Anthropic's covert practice was discovered earlier this week by security researchers, who posted their findings on platforms including Reddit and GitHub. According to a report by cybersecurity-focused outlet International Cyber Digest, Claude Code was accused of logging information about certain users - including whether they were using proxies or located in Chinese time zones - and hiding such data in messages sent back to Anthropic.

Responding to an X post by the outlet that called the tracking code "a serious breach of user trust", Anthropic engineer Thariq Shihipar said on Wednesday that it was "an experiment" launched by the company in March. He said the move was designed to "prevent account abuse from unauthorised resellers and protect against distillation" - a common practice in the AI industry that uses outputs from large AI models to train smaller ones.

Anthropic, a vocal advocate for measures to contain China's AI development, has repeatedly accused a number of Chinese companies including Alibaba of distillation in recent months. Shihipar said the tracking system would be rolled back on Thursday as part of a broader re-release of Claude Fable 5, while confirming the company had been "meaning to take this down for a while" as it had since created "stronger mitigations".

Huang Yong, a Beijing-based IT developer, warned that Anthropic's use of secret code had created severe security risks. As many developers had used Claude Code on their laptops to read and modify local files, the company's decision to "stealthily" insert code into the platform had effectively created back doors to their computers, he said.

Huorong Security, a Chinese cybersecurity firm, added that Anthropic's eavesdropping on its users was not only a transparency issue, but also raised cross-border data compliance concerns.

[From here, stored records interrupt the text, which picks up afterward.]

(* Let $G$ be a group, $H\le G$, $S$ a right transversal of $H$ in $G$ with induced right loop operation $\circ$, and for $x\in S$, $h\in H$ let $x\theta h$ denote the unique element of $S\cap Hxh$. Let $U$ be a congruence on $(S,\circ)$ with $\{(x,x\theta h): h\in H, x\in S\}\subseteq U$, and let $T$ be the $U$-class of $1$. Then $S/U$ is a group, $N=HT$ is a normal subgroup of $G=HS$, $H\le N$, $N\cap S=T$, and $G/N\cong S/U$.
   Context: For a subgroup $H$ of a group $G$, a right transversal $S$ is a subset containing exactly one element of each right coset $Hg$, with $1\in S$; then $G=HS$. The induced operation: $x\circ y$ is the unique element of $S\cap Hxy$; $(S,\circ)$ is a right loop (two-sided identity, unique solutions of $X\circ a=b$). A congruence on a right loop $S$ is an equivalence relation on $S$ that is a right subloop of $S\times S$ (componentwise operation); if $T$ is the class of $1$, the classes are $T\circ x$ and $S/U=\{T\circ x\}$ has operation $(T\circ x)\circ(T\circ y)=T\circ(x\circ y)$. *)

theory Defs
  imports "HOL-Algebra.Algebra"
begin

definition right_transversal :: "('a, 'b) monoid_scheme \<Rightarrow> 'a set \<Rightarrow> 'a set \<Rightarrow> bool" where
  "right_transversal G H S \<longleftrightarrow>
     S \<subseteq> carrier G \<and> \<one>\<^bsub>G\<^esub> \<in> S \<and>
     (\<forall>C \<in> rcosets\<^bsub>G\<^esub> H. \<exists>!s. s \<in> S \<inter> C)"

definition tr_op :: "('a, 'b) monoid_scheme \<Rightarrow> 'a set \<Rightarrow> 'a set \<Rightarrow> 'a \<Rightarrow> 'a \<Rightarrow> 'a" where
  "tr_op G H S x y = (THE z. z \<in> S \<inter> (H #>\<^bsub>G\<^esub> (x \<otimes>\<^bsub>G\<^esub> y)))"

definition tr_theta :: "('a, 'b) monoid_scheme \<Rightarrow> 'a set \<Rightarrow> 'a set \<Rightarrow> 'a \<Rightarrow> 'a \<Rightarrow> 'a" where
  "tr_theta G H S x h = (THE z. z \<in> S \<inter> (H #>\<^bsub>G\<^esub> (x \<otimes>\<^bsub>G\<^esub> h)))"

definition tr_rdiv :: "('a, 'b) monoid_scheme \<Rightarrow> 'a set \<Rightarrow> 'a set \<Rightarrow> 'a \<Rightarrow> 'a \<Rightarrow> 'a" where
  "tr_rdiv G H S b a = (THE x. x \<in> S \<and> tr_op G H S x a = b)"

text \<open>A congruence on the right loop (S, o): an equivalence relation on S which is a
  right subloop of S \<times> S with componentwise operation (contains the identity,
  closed under the operation and under right division).\<close>
definition loop_congruence :: "('a, 'b) monoid_scheme \<Rightarrow> 'a set \<Rightarrow> 'a set \<Rightarrow> ('a \<times> 'a) set \<Rightarrow> bool" where
  "loop_congruence G H S U \<longleftrightarrow>
     equiv S U \<and>
     (\<one>\<^bsub>G\<^esub>, \<one>\<^bsub>G\<^esub>) \<in> U \<and>
     (\<forall>a a' b b'. (a, a') \<in> U \<longrightarrow> (b, b') \<in> U \<longrightarrow>
        (tr_op G H S a b, tr_op G H S a' b') \<in> U) \<and>
     (\<forall>a a' b b'. (a, a') \<in> U \<longrightarrow> (b, b') \<in> U \<longrightarrow>
        (tr_rdiv G H S b a, tr_rdiv G H S b' a') \<in> U)"

definition loop_quotient :: "('a, 'b) monoid_scheme \<Rightarrow> 'a set \<Rightarrow> 'a set \<Rightarrow> ('a \<times> 'a) set \<Rightarrow> 'a set monoid" where
  "loop_quotient G H S U =
     \<lparr> carrier = S // U,
       monoid.mult = (\<lambda>A B. U `` {tr_op G H S (SOME x. x \<in> A) (SOME y. y \<in> B)}),
       one = U `` {\<one>\<^bsub>G\<^esub>} \<rparr>"

end

theory Submission
  imports Defs
begin

text \<open>Map g \<in> G to the U-class of the element of S in its coset H g.
  Writing g = h s with h \<in> H, s \<in> S, the product of g with g' = h' s' has representative
  (s \<theta> h') \<circ> s'; since s \<theta> h' is U-related to s, the map is multiplicative, so S/U
  is a homomorphic image of G, hence a group. Its kernel consists of the g whose
  representative lies in T, which is H T, and the first isomorphism theorem gives
  G/HT \<cong> S/U.\<close>

definition tr_rep :: "('a, 'b) monoid_scheme \<Rightarrow> 'a set \<Rightarrow> 'a set \<Rightarrow> 'a \<Rightarrow> 'a" where
  "tr_rep G H S g = (THE s. s \<in> S \<inter> (H #>\<^bsub>G\<^esub> g))"

lemma tr_op_eq_tr_rep: "tr_op G H S x y = tr_rep G H S (x \<otimes>\<^bsub>G\<^esub> y)"
  unfolding tr_op_def tr_rep_def ..

lemma tr_theta_eq_tr_rep: "tr_theta G H S x h = tr_rep G H S (x \<otimes>\<^bsub>G\<^esub> h)"
  unfolding tr_theta_def tr_rep_def ..

lemma (in group) surj_hom_imp_group:
  assumes "f \<in> hom G Q" and "f ` carrier G = carrier Q" and "f \<one> = \<one>\<^bsub>Q\<^esub>"
  shows "group Q"
  using hom_imp_img_group[OF assms(1)] assms(2,3) by simp

lemma loop_quotient_mult_class:
  assumes "loop_congruence G H S U" and "a \<in> S" and "b \<in> S"
  shows "U `` {a} \<otimes>\<^bsub>loop_quotient G H S U\<^esub> U `` {b} = U `` {tr_op G H S a b}"
proof -
  have equiv: "equiv S U"
    using assms(1) unfolding loop_congruence_def by blast
  define a' where "a' = (SOME x. x \<in> U `` {a})"
  define b' where "b' = (SOME y. y \<in> U `` {b})"
  have "a \<in> U `` {a}" "b \<in> U `` {b}"
    using equiv assms(2,3) by (auto simp: equiv_def refl_on_def)
  then have "(a, a') \<in> U" "(b, b') \<in> U"
    unfolding a'_def b'_def by (metis Image_singleton_iff someI)+
  then have "(tr_op G H S a b, tr_op G H S a' b') \<in> U"
    using assms(1) unfolding loop_congruence_def by blast
  then have "U `` {tr_op G H S a' b'} = U `` {tr_op G H S a b}"
    using equiv by (simp add: equiv_class_eq)
  then show ?thesis
    unfolding loop_quotient_def a'_def b'_def by simp
qed

locale right_transversal_subgroup = group G + subgroup H G
  for G (structure) and H and S +
  assumes transversal: "right_transversal G H S"
begin

abbreviation rep where "rep \<equiv> tr_rep G H S"

lemma S_subset_carrier: "S \<subseteq> carrier G"
  and one_in_S: "\<one> \<in> S"
  using transversal unfolding right_transversal_def by auto

lemma ex1_rep: "g \<in> carrier G \<Longrightarrow> \<exists>!s. s \<in> S \<inter> (H #> g)"
  using transversal unfolding right_transversal_def RCOSETS_def by blast

lemma tr_rep_in_S: "g \<in> carrier G \<Longrightarrow> rep g \<in> S"
  and tr_rep_in_rcoset: "g \<in> carrier G \<Longrightarrow> rep g \<in> H #> g"
  using theI'[OF ex1_rep] unfolding tr_rep_def by auto

lemma tr_rep_eqI: "\<lbrakk>g \<in> carrier G; s \<in> S; s \<in> H #> g\<rbrakk> \<Longrightarrow> rep g = s"
  using the1_equality[OF ex1_rep] unfolding tr_rep_def by blast

lemma tr_rep_of_S: "s \<in> S \<Longrightarrow> rep s = s"
  using tr_rep_eqI S_subset_carrier rcos_self[OF _ is_subgroup] by blast

lemma tr_rep_one: "rep \<one> = \<one>"
  by (simp add: one_in_S tr_rep_of_S)

lemma tr_rep_mult_left:
  assumes "h \<in> H" and "g \<in> carrier G"
  shows "rep (h \<otimes> g) = rep g"
proof -
  have "H #> g = H #> (h \<otimes> g)"
    using repr_independence[OF rcosI[OF assms(1) subset assms(2)] assms(2) is_subgroup] .
  moreover have "h \<otimes> g \<in> carrier G"
    using assms subset by blast
  ultimately show ?thesis
    using tr_rep_eqI tr_rep_in_S[OF assms(2)] tr_rep_in_rcoset[OF assms(2)] by simp
qed

lemma tr_rep_decomp:
  assumes "g \<in> carrier G"
  obtains h where "h \<in> H" and "g = h \<otimes> rep g"
proof -
  have "H #> g = H #> rep g"
    using repr_independence[OF tr_rep_in_rcoset assms is_subgroup] assms .
  then have "g \<in> H #> rep g"
    using rcos_self[OF assms is_subgroup] by simp
  then show thesis
    using that unfolding r_coset_def by blast
qed

lemma tr_rep_mult_rep:
  assumes "x \<in> carrier G" and "y \<in> carrier G"
  shows "rep (x \<otimes> y) = rep (rep x \<otimes> y)"
proof -
  obtain h where h: "h \<in> H" "x = h \<otimes> rep x"
    using tr_rep_decomp[OF assms(1)] .
  have carrier: "h \<in> carrier G" "rep x \<in> carrier G"
    using h(1) subset assms(1) tr_rep_in_S S_subset_carrier by blast+
  have "rep (x \<otimes> y) = rep (h \<otimes> (rep x \<otimes> y))"
    using h(2) carrier assms(2) by (metis m_assoc)
  also have "\<dots> = rep (rep x \<otimes> y)"
    using h(1) carrier assms(2) by (simp add: tr_rep_mult_left)
  finally show ?thesis .
qed

end

locale loop_congruence_absorbing_theta = right_transversal_subgroup +
  fixes U :: "('a \<times> 'a) set"
  assumes congruence: "loop_congruence G H S U"
    and theta_related: "{(x, tr_theta G H S x h) | x h. h \<in> H \<and> x \<in> S} \<subseteq> U"
begin

abbreviation Q where "Q \<equiv> loop_quotient G H S U"

abbreviation T where "T \<equiv> U `` {\<one>}"

definition quotient_map :: "'a \<Rightarrow> 'a set" where
  "quotient_map g = U `` {rep g}"

lemma equiv_U: "equiv S U"
  using congruence unfolding loop_congruence_def by blast

lemma T_subset_S: "T \<subseteq> S"
  using equiv_U by (auto simp: equiv_def refl_on_def)

lemma quotient_map_eq_class_of_S: "s \<in> S \<Longrightarrow> quotient_map s = U `` {s}"
  unfolding quotient_map_def by (simp add: tr_rep_of_S)

lemma quotient_map_in_carrier: "g \<in> carrier G \<Longrightarrow> quotient_map g \<in> carrier Q"
  unfolding quotient_map_def loop_quotient_def by (simp add: quotientI tr_rep_in_S)

lemma quotient_map_surj: "quotient_map ` carrier G = carrier Q"
proof (rule subset_antisym)
  show "carrier Q \<subseteq> quotient_map ` carrier G"
    using S_subset_carrier quotient_map_eq_class_of_S
    by (auto simp: loop_quotient_def quotient_def)
qed (use quotient_map_in_carrier in blast)

lemma quotient_map_one: "quotient_map \<one> = \<one>\<^bsub>Q\<^esub>"
  unfolding quotient_map_def loop_quotient_def by (simp add: tr_rep_one)

lemma quotient_map_mult:
  assumes "g \<in> carrier G" and "g' \<in> carrier G"
  shows "quotient_map (g \<otimes> g') = quotient_map g \<otimes>\<^bsub>Q\<^esub> quotient_map g'"
proof -
  define s s' where "s = rep g" and "s' = rep g'"
  have S: "s \<in> S" "s' \<in> S"
    using assms tr_rep_in_S unfolding s_def s'_def by blast+
  then have carrier: "s \<in> carrier G" "s' \<in> carrier G"
    using S_subset_carrier by blast+
  obtain h where h: "h \<in> H" "g' = h \<otimes> s'"
    using tr_rep_decomp[OF assms(2)] unfolding s'_def by blast
  then have "h \<in> carrier G"
    using subset by blast
  define t where "t = tr_theta G H S s h"
  have "rep (g \<otimes> g') = rep (s \<otimes> g')"
    unfolding s_def using assms tr_rep_mult_rep by blast
  also have "\<dots> = rep ((s \<otimes> h) \<otimes> s')"
    using h carrier \<open>h \<in> carrier G\<close> by (simp add: m_assoc)
  also have "\<dots> = tr_op G H S t s'"
    using carrier \<open>h \<in> carrier G\<close>
    by (simp add: t_def tr_op_eq_tr_rep tr_theta_eq_tr_rep tr_rep_mult_rep)
  finally have rep_prod: "rep (g \<otimes> g') = tr_op G H S t s'" .
  have "(t, s) \<in> U"
    using theta_related S h equiv_U unfolding t_def equiv_def sym_def by blast
  moreover have "(s', s') \<in> U"
    using S equiv_U unfolding equiv_def refl_on_def by blast
  ultimately have "(tr_op G H S t s', tr_op G H S s s') \<in> U"
    using congruence unfolding loop_congruence_def by blast
  then have "quotient_map (g \<otimes> g') = U `` {tr_op G H S s s'}"
    unfolding quotient_map_def rep_prod using equiv_U by (simp add: equiv_class_eq)
  also have "\<dots> = quotient_map g \<otimes>\<^bsub>Q\<^esub> quotient_map g'"
    using loop_quotient_mult_class[OF congruence S] by (simp add: quotient_map_def s_def s'_def)
  finally show ?thesis .
qed

lemma quotient_map_hom: "quotient_map \<in> hom G Q"
  by (rule homI) (simp_all add: quotient_map_in_carrier quotient_map_mult)

lemma group_loop_quotient: "group Q"
  using surj_hom_imp_group quotient_map_hom quotient_map_surj quotient_map_one by blast

sublocale quotient_hom: group_hom G Q quotient_map
  by (simp add: group_hom_def group_hom_axioms_def is_group group_loop_quotient quotient_map_hom)

lemma mem_kernel_quotient_map_iff:
  "g \<in> kernel G Q quotient_map \<longleftrightarrow> g \<in> carrier G \<and> rep g \<in> T"
proof -
  have "rep g \<in> T \<longleftrightarrow> U `` {rep g} = U `` {\<one>}" if "g \<in> carrier G"
    using eq_equiv_class_iff[OF equiv_U one_in_S tr_rep_in_S[OF that]] by auto
  then show ?thesis
    unfolding kernel_def quotient_map_def loop_quotient_def by auto
qed

lemma kernel_quotient_map: "kernel G Q quotient_map = H <#> T"
proof (intro equalityI subsetI)
  fix g
  assume "g \<in> kernel G Q quotient_map"
  then have "g \<in> carrier G" "rep g \<in> T"
    using mem_kernel_quotient_map_iff by blast+
  moreover obtain h where "h \<in> H" "g = h \<otimes> rep g"
    using tr_rep_decomp[OF \<open>g \<in> carrier G\<close>] .
  ultimately show "g \<in> H <#> T"
    unfolding set_mult_def by blast
next
  fix g
  assume "g \<in> H <#> T"
  then obtain h t where ht: "h \<in> H" "t \<in> T" "g = h \<otimes> t"
    unfolding set_mult_def by blast
  have "t \<in> S"
    using ht(2) T_subset_S by blast
  then have "t \<in> carrier G"
    using S_subset_carrier by blast
  then have "g \<in> carrier G" and "rep g = t"
    using ht \<open>t \<in> S\<close> subset tr_rep_mult_left tr_rep_of_S by auto
  then show "g \<in> kernel G Q quotient_map"
    using ht(2) mem_kernel_quotient_map_iff by simp
qed

lemma subgroup_subset_HT: "H \<subseteq> H <#> T"
proof
  fix h
  assume "h \<in> H"
  then have "h \<in> carrier G" and "rep h = \<one>"
    using tr_rep_mult_left[of h \<one>] tr_rep_one subset by auto
  moreover have "\<one> \<in> T"
    using equiv_U one_in_S by (auto simp: equiv_def refl_on_def)
  ultimately show "h \<in> H <#> T"
    by (simp flip: kernel_quotient_map add: mem_kernel_quotient_map_iff)
qed

lemma HT_inter_transversal: "(H <#> T) \<inter> S = T"
proof -
  have "s \<in> H <#> T \<longleftrightarrow> s \<in> T" if "s \<in> S" for s
    using that S_subset_carrier tr_rep_of_S
    by (auto simp flip: kernel_quotient_map simp add: mem_kernel_quotient_map_iff)
  then show ?thesis
    using T_subset_S by blast
qed

lemma normal_HT: "H <#> T \<lhd> G"
  using quotient_hom.normal_kernel by (simp add: kernel_quotient_map)

lemma FactGroup_HT_iso_loop_quotient: "G Mod (H <#> T) \<cong> Q"
  using quotient_hom.FactGroup_iso[OF quotient_map_surj] by (simp add: kernel_quotient_map)

end

theorem mainTheorem8:
  fixes G :: "('a, 'b) monoid_scheme" and H S :: "'a set" and U :: "('a \<times> 'a) set"
  assumes "group G"
    and "subgroup H G"
    and "right_transversal G H S"
    and "loop_congruence G H S U"
    and "{(x, tr_theta G H S x h) | x h. h \<in> H \<and> x \<in> S} \<subseteq> U"
  shows "group (loop_quotient G H S U)
         \<and> H <#>\<^bsub>G\<^esub> (U `` {\<one>\<^bsub>G\<^esub>}) \<lhd> G
         \<and> H \<subseteq> H <#>\<^bsub>G\<^esub> (U `` {\<one>\<^bsub>G\<^esub>})
         \<and> (H <#>\<^bsub>G\<^esub> (U `` {\<one>\<^bsub>G\<^esub>})) \<inter> S = U `` {\<one>\<^bsub>G\<^esub>}
         \<and> G Mod (H <#>\<^bsub>G\<^esub> (U `` {\<one>\<^bsub>G\<^esub>})) \<cong> loop_quotient G H S U"
proof -
  interpret loop_congruence_absorbing_theta G H S U
    using assms by (simp add: loop_congruence_absorbing_theta_def
        loop_congruence_absorbing_theta_axioms_def right_transversal_subgroup_def
        right_transversal_subgroup_axioms_def)
  show ?thesis
    using group_loop_quotient normal_HT subgroup_subset_HT HT_inter_transversal
      FactGroup_HT_iso_loop_quotient
    by (intro conjI)
qed

end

The story has also sparked heated debate online, with many users on Reddit pointing out that the need to grant Claude Code full access to their computers left developers highly vulnerable. "Today it's a timezone check. Tomorrow, it could be system sabotage or data exfiltration," one user said.

Washington last month imposed export controls on Fable 5 - the public version of Anthropic's most powerful model, Mythos - ordering the US company to stop supplying it to foreign nationals due to vulnerabilities reported by Amazon researchers. Anthropic disabled the model for all users to comply with the directive, before restoring access on Thursday as the US government lifted the controls. The San Francisco-based start-up said it would partner with the US government on frontier AI security.

Alibaba's ban of Claude Code from the workplace comes as China's AI industry strives to reduce its reliance on US solutions while competing fiercely for frontier capabilities.

Alibaba recommended employees to use its own coding agent platform, Qoder, as a substitute for Claude Code, people familiar with the matter said.

Anthropic's models and platforms have long been officially inaccessible in China, but they remain popular in the country due to their advanced capabilities, with domestic developers routinely finding workarounds to maintain access.

Alibaba's move showed the compliance and security complications of the US-China AI battlefield, which has moved beyond technology to access control and tech sovereignty issues, said Lizzi Lee, a fellow on the Chinese economy at the Asia Society Policy Institute's Centre for China Analysis.

"If a US AI coding tool can detect Chinese usage or proxy access, then it's not surprising for major Chinese tech companies to not want employees using it internally," she said.

Chinese firms are also concerned that reliance on US tools creates legal, security and operational vulnerabilities, Lee added.